今回は計算ミス以外で、子どもが「ミスをした!」と言う内容と、そのミスへの対策について話したいと思います。
子どもが「ミスをした!」と言う内容は、大きく2つに分かれると思います。1つはただ転記を誤っただけのような不注意によって起きたもの、すなわち「純粋なミス」で、もう1つはきちんと考えきれていないことによって起きたもの、すなわち「理解不足による間違い」です。
テストの出来について、教室で子どもたちと話すことがあるのですが、子どもは大半の間違いが前者に当てはまるかのように「ミスをした!」と言うものです。そして、理解できているから大丈夫という雰囲気を出していることがあります。しかし、それらの中には実は「理解不足による間違い」がけっこう含まれているように感じます。当然、理解不足による間違いは「ミスをした!」の一言で済ませてはダメで、間違いに向き合わないといけません。また、向き合う際には、例えば、「最後の式の理解が曖昧だから間違えてしまった」や「もう1回類題を解いて慣れておけば処理を誤らなかった」のような具体的な反省材料を見つけ、次に生かしていきたいです。

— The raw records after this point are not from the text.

lemma approx_ratio_two_agents:
  assumes mech: "mechanism f" and sp: "strategyproof f" and ratio: "approx_ratio sc f \<alpha>"
    and x: "0 \<le> x" "x < 1/2"
  shows "sc 1 [x, 1] \<le> \<alpha> * sc 0 [x, 1]"
proof -
  have "f [0, 0] = 1" "f [1, 1] = 0"
    using approx_ratio_unanimous[OF mech ratio, of 0] approx_ratio_unanimous[OF mech ratio, of 1] by simp_all
  then consider "f [x, 1] = 1" | "f [0, 1 - x] = 0"
    using strategyproof_pair_dichotomy[OF mech sp] x by force
  then show ?thesis
  proof cases
    case 1
    then show ?thesis using approx_ratio_le[OF mech ratio, of "[x, 1]" 0] x by (simp add: valid_profile_pair)
  next
    case 2
    then have "sc 0 [0, 1 - x] \<le> \<alpha> * sc 1 [0, 1 - x]"
      using approx_ratio_le[OF mech ratio, of "[0, 1 - x]" 1] x by (simp add: valid_profile_pair)
    moreover have "sc 0 [0, 1 - x] = sc 1 [x, 1]" "sc 1 [0, 1 - x] = sc 0 [x, 1]"
      using reflect[of 1 "[x, 1]"] reflect[of 0 "[x, 1]"] by simp_all
    ultimately show ?thesis by simp
  qed
qed

end

lemma obnoxious_social_cost_sc_p: "obnoxious_social_cost (sc_p p)"
proof
  fix xs y
  show "0 \<le> sc_p p y xs" by (simp add: sc_p_def)
  show "sc_p p y xs = 0 \<longleftrightarrow> (\<forall>x\<in>set xs. agent_cost x y = 0)"
    unfolding sc_p_def powr_eq_0_iff by (subst sum_list_nonneg_eq_0_iff) auto
  show "sc_p p (1 - y) (rev (map (\<lambda>x. 1 - x) xs)) = sc_p p y xs"
    by (simp add: sc_p_def agent_cost_def rev_map[symmetric] o_def abs_minus_commute)
qed

lemma obnoxious_social_cost_sc_inf: "obnoxious_social_cost sc_inf"
proof
  fix xs :: "real list" and y :: real
  assume "valid_profile xs" "xs \<noteq> []" "y \<in> {0..1}"
  then have costs: "x \<in> set xs \<Longrightarrow> 0 \<le> agent_cost x y" for x
    by (fastforce simp: valid_profile_def agent_cost_def abs_le_iff)
  have upper: "x \<in> set xs \<Longrightarrow> agent_cost x y \<le> sc_inf y xs" for x
    by (simp add: sc_inf_def)
  have "sc_inf y xs \<in> (\<lambda>x. agent_cost x y) ` set xs"
    unfolding sc_inf_def set_map using \<open>xs \<noteq> []\<close> by (intro Max_in) auto
  then obtain x0 where "x0 \<in> set xs" "sc_inf y xs = agent_cost x0 y" by blast
  then show "0 \<le> sc_inf y xs" and "sc_inf y xs = 0 \<longleftrightarrow> (\<forall>x\<in>set xs. agent_cost x y = 0)"
    using costs upper by (auto intro: antisym)
next
  fix xs y
  show "sc_inf (1 - y) (rev (map (\<lambda>x. 1 - x) xs)) = sc_inf y xs"
    by (simp add: sc_inf_def agent_cost_def image_image abs_minus_commute)
qed

lemma limit_bound_at_half:
  fixes g :: "real \<Rightarrow> real"
  assumes "(g \<longlongrightarrow> L) (at_left (1/2))" and "\<And>x. 0 \<le> x \<Longrightarrow> x < 1/2 \<Longrightarrow> g x \<le> \<alpha> * (1 - x)"
  shows "2 * L \<le> \<alpha>"
proof -
  have "eventually (\<lambda>x. g x \<le> \<alpha> * (1 - x)) (at_left (1/2::real))"
    by (rule eventually_mono[OF eventually_at_left_real[of 0]]) (auto intro: assms(2))
  moreover have "((\<lambda>x. \<alpha> * (1 - x)) \<longlongrightarrow> \<alpha> * (1 - 1/2)) (at_left (1/2::real))"
    by (intro tendsto_intros)
  ultimately have "L \<le> \<alpha> * (1 - 1/2)"
    using tendsto_le[OF trivial_limit_at_left_real _ assms(1)] by blast
  then show ?thesis by simp
qed

lemma sc_p_lower_bound:
  assumes "mechanism f" "strategyproof f" "approx_ratio_p p f \<alpha>" "0 < p"
  shows "(2 powr p + 1) powr (1 / p) \<le> \<alpha>"
proof -
  have "(x powr p + 1) powr (1 / p) \<le> \<alpha> * (1 - x)" if "0 \<le> x" "x < 1/2" for x
    using obnoxious_social_cost.approx_ratio_two_agents[OF obnoxious_social_cost_sc_p assms(1,2), of p \<alpha> x]
      assms(3,4) that by (simp add: approx_ratio_p_iff sc_p_def agent_cost_def powr_powr)
  moreover have "((\<lambda>x. (x powr p + 1) powr (1 / p)) \<longlongrightarrow> ((1/2) powr p + 1) powr (1 / p)) (at_left (1/2))"
    using assms(4) by (intro tendsto_intros) auto
  ultimately have "2 * ((1/2) powr p + 1) powr (1 / p) \<le> \<alpha>" by (rule limit_bound_at_half[rotated])
  moreover have "2 * ((1/2) powr p + 1) powr (1 / p) = (2 powr p + 1) powr (1 / p)"
  proof -
    have "2 powr p + 1 = 2 powr p * ((1/2) powr p + 1)" by (simp add: distrib_left powr_divide)
    then show ?thesis using assms(4) by (simp add: powr_mult powr_powr)
  qed
  ultimately show ?thesis by simp
qed

lemma sc_inf_lower_bound:
  assumes "mechanism f" "strategyproof f" "approx_ratio_inf f \<alpha>"
  shows "2 \<le> \<alpha>"
proof -
  have "1 \<le> \<alpha> * (1 - x)" if "0 \<le> x" "x < 1/2" for x
    using obnoxious_social_cost.approx_ratio_two_agents[OF obnoxious_social_cost_sc_inf assms(1,2), of \<alpha> x]
      assms(3) that by (simp add: approx_ratio_inf_iff sc_inf_def agent_cost_def)
  then show ?thesis using limit_bound_at_half[of "\<lambda>_. 1" 1 \<alpha>] by simp
qed

theorem theorem11:
  fixes f :: "real list \<Rightarrow> real"
  assumes "mechanism f" and "strategyproof f"
  shows "(\<forall>p \<alpha>. 1 \<le> p \<and> approx_ratio_p p f \<alpha> \<longrightarrow> (2 powr p + 1) powr (1 / p) \<le> \<alpha>)
       \<and> (\<forall>\<alpha>. approx_ratio_inf f \<alpha> \<longrightarrow> 2 \<le> \<alpha>)"
  using sc_p_lower_bound[OF assms] sc_inf_lower_bound[OF assms] by auto

end
lemma energy_for_rate_pair_shift_has_derivative:
  assumes "t1 > 0" "t2 > 0" "k1 > 0" "k2 > 0" "W > 0" "x1 > -1" "x2 > -1"
    and "R1 = t1 * W * ln (1 + x1)" "R2 = t2 * W * ln (1 + x2)"
  shows "((\<lambda>s. c1 * energy_for_rate W k1 (t1 + a * s) (R1 + b * s)
              + c2 * energy_for_rate W k2 (t2 - a * s) (R2 - b * s)) has_real_derivative
           a * (c1 * marginal_time_cost k1 x1 - c2 * marginal_time_cost k2 x2)
         + b * (c1 * marginal_rate_cost W k1 x1 - c2 * marginal_rate_cost W k2 x2)) (at 0)"
proof -
  have "((\<lambda>s. c1 * energy_for_rate W k1 (t1 + a * s) (R1 + b * s)
              + c2 * energy_for_rate W k2 (t2 + (-a) * s) (R2 + (-b) * s)) has_real_derivative
           c1 * (a * marginal_time_cost k1 x1 + b * marginal_rate_cost W k1 x1)
         + c2 * ((-a) * marginal_time_cost k2 x2 + (-b) * marginal_rate_cost W k2 x2)) (at 0)"
    using assms by (intro DERIV_add DERIV_cmult energy_for_rate_shift_has_derivative)
  then show ?thesis
    by (simp add: algebra_simps)
qed

lemma sum_cong_except_pair:
  fixes f g :: "'a \<Rightarrow> 'b::ab_group_add"
  assumes "finite S" "i \<in> S" "j \<in> S" "i \<noteq> j" "\<forall>n\<in>S - {i, j}. f n = g n"
  shows "sum f S = sum g S + (f i - g i) + (f j - g j)"
proof -
  have "sum (\<lambda>n. f n - g n) S = sum (\<lambda>n. f n - g n) {i, j}"
    by (rule sum.mono_neutral_right) (use assms in auto)
  then show ?thesis
    using assms by (simp add: sum_subtractf algebra_simps)
qed

lemma feasible_update_pair:
  assumes "feasible N h W \<sigma>2 L T fB d E t" "i \<in> {1..N}" "j \<in> {1..N}" "i \<noteq> j"
    and "0 \<le> Ei" "0 \<le> Ej" "0 \<le> ti" "0 \<le> tj" "ti + tj = t i + t j"
    and "rate W \<sigma>2 (h i) Ei ti + rate W \<sigma>2 (h j) Ej tj
         = rate W \<sigma>2 (h i) (E i) (t i) + rate W \<sigma>2 (h j) (E j) (t j)"
  shows "feasible N h W \<sigma>2 L T fB d (E(i := Ei, j := Ej)) (t(i := ti, j := tj))"
proof -
  let ?E' = "E(i := Ei, j := Ej)" and ?t' = "t(i := ti, j := tj)"
  have "(\<Sum>n=1..N. rate W \<sigma>2 (h n) (?E' n) (?t' n)) = (\<Sum>n=1..N. rate W \<sigma>2 (h n) (E n) (t n))"
    using sum_cong_except_pair[of "{1..N}" i j "\<lambda>n. rate W \<sigma>2 (h n) (?E' n) (?t' n)"
        "\<lambda>n. rate W \<sigma>2 (h n) (E n) (t n)"] assms(2-4,10)
    by simp
  moreover have "(\<Sum>n=1..N. ?t' n) = (\<Sum>n=1..N. t n)"
    using sum_cong_except_pair[of "{1..N}" i j ?t' t] assms(2-4,9)
    by simp
  ultimately show ?thesis
    using assms(1,5-8) by (simp add: feasible_def)
qed
text \<open>Writing w = u z v, the bracket [w] is ad_u [z,[v]] = - ad_u [[v],z], and every word in
  the expansion of [[v],z] ends in z.\<close>

lemma right_normed_ending_in:
  assumes "z \<in> set w"
  obtains L where "right_normed w = signed_sum L"
    and "\<forall>(s, x) \<in> set L. mset x = mset w \<and> last x = z"
proof -
  obtain u v where w: "w = u @ z # v" using assms by (metis split_list)
  show ?thesis
  proof (cases "v = []")
    case True
    then show ?thesis using w that[of "[(True, w)]"] by simp
  next
    case False
    define L where "L = map (\<lambda>(s, y). (\<not> s, u @ y @ [z])) (bracket_expansion v)"
    have "right_normed w = ad_word u (right_normed (z # v))"
      using w by (simp add: ad_word_right_normed)
    also have "right_normed (z # v) = - lie_br (right_normed v) (lie_gen z)"
      using False by (simp add: right_normed_Cons lie_br_anticomm[of "lie_gen z"])
    also have "lie_br (right_normed v) (lie_gen z) =
        sum_list (map (\<lambda>(s, y). signed s (right_normed (y @ [z]))) (bracket_expansion v))"
      using ad_word_right_normed[of "[z]"] by (simp add: lie_br_right_normed)
    finally have "right_normed w = signed_sum L"
      by (simp add: L_def signed_sum_def ad_word_uminus ad_word_signed ad_word_sum_list
          ad_word_right_normed o_def case_prod_beta uminus_sum_list_map)
    moreover have "\<forall>(s, x) \<in> set L. mset x = mset w \<and> last x = z"
      using w by (auto simp: L_def dest!: mset_bracket_expansion)
    ultimately show ?thesis by (rule that)
  qed
qed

「純粋なミス」と「理解不足による間違い」の区別をつけようという意識を持っている子どもは思いのほか少なく感じます。
皆様のお子様は、なんでもかんでも「ミスをした!」の一言で終わらそうとしていないか、曖昧な部分を残したままにしていないか、一度確認してみてはいかがでしょうか。ほんの少しの意識の変化が、得点の向上につながります。